To do: Report how many lines below contain the word "times", giving the number and no other words.

· · · · · · ·

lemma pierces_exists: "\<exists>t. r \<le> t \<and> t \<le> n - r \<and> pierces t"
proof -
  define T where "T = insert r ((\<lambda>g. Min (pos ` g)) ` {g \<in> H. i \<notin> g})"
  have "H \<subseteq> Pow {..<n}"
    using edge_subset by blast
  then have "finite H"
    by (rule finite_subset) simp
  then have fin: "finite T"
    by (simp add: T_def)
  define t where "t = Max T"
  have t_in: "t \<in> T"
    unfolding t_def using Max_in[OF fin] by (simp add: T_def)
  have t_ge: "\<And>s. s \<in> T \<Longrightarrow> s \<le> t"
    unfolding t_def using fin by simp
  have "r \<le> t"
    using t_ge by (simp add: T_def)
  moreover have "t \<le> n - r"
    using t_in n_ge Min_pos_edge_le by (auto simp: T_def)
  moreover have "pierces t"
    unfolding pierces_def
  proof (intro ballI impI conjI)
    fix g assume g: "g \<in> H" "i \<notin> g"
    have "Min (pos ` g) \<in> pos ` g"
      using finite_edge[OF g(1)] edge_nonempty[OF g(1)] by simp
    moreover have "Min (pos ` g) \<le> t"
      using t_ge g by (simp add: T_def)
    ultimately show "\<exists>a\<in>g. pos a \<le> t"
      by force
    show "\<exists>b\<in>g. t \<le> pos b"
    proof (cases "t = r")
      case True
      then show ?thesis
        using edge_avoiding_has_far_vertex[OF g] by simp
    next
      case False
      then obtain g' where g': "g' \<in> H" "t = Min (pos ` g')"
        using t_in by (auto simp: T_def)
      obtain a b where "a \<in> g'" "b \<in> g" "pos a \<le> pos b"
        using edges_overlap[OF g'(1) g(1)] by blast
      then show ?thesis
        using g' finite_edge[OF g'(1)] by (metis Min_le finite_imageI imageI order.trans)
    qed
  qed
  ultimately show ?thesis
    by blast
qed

· · · · · · ·

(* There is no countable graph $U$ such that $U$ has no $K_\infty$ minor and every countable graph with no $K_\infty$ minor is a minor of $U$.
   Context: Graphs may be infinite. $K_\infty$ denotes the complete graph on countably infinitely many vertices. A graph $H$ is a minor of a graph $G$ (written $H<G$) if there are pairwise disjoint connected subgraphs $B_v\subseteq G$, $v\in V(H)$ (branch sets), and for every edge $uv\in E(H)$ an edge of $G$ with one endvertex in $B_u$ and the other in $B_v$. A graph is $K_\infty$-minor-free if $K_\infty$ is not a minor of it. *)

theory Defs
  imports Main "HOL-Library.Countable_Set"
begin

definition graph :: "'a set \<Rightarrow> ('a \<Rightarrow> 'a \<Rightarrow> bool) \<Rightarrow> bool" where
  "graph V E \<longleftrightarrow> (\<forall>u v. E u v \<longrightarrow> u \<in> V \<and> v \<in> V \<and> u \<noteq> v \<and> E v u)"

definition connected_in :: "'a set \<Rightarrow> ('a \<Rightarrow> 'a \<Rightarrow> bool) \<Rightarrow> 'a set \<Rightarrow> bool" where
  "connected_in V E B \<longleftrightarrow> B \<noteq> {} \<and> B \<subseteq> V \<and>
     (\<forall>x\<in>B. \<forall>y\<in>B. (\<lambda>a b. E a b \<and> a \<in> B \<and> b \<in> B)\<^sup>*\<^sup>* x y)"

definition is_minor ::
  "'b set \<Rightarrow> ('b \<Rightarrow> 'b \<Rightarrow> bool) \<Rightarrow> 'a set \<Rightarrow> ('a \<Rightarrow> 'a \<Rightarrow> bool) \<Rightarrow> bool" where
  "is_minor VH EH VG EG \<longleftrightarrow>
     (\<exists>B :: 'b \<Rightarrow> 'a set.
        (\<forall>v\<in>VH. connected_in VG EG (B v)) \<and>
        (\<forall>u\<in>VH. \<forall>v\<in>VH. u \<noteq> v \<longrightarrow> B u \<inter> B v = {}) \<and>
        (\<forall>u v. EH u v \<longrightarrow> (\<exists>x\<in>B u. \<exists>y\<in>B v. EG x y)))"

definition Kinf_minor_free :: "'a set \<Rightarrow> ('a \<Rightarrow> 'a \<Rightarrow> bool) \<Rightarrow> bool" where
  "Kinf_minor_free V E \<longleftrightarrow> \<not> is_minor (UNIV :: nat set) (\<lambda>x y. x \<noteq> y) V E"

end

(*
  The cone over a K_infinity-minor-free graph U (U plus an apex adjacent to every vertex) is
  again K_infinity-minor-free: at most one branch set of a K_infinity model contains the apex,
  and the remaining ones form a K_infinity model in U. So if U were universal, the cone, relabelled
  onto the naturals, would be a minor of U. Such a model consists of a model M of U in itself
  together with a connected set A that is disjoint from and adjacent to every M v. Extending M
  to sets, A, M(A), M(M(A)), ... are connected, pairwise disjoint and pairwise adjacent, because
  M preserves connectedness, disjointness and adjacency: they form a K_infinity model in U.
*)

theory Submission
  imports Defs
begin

· · · · · · ·

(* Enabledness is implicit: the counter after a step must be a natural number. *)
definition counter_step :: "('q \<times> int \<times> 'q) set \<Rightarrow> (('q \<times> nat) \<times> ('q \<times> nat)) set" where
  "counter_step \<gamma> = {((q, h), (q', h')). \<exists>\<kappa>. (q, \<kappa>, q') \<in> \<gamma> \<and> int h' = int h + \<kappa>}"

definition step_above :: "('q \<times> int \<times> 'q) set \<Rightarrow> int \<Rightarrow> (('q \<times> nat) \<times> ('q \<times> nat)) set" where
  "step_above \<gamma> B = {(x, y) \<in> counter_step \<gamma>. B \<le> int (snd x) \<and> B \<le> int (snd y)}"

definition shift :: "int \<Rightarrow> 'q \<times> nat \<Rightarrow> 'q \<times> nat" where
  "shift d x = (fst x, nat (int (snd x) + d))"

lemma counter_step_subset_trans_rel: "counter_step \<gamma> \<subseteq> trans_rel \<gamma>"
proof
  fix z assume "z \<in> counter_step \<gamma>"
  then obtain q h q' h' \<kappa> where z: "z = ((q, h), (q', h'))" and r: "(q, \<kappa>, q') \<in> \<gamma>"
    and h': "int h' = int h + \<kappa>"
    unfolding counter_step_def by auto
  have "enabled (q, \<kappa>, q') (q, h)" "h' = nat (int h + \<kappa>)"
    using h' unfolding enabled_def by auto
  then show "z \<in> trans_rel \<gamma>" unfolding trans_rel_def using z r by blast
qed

· · · · · · ·

Task result: 3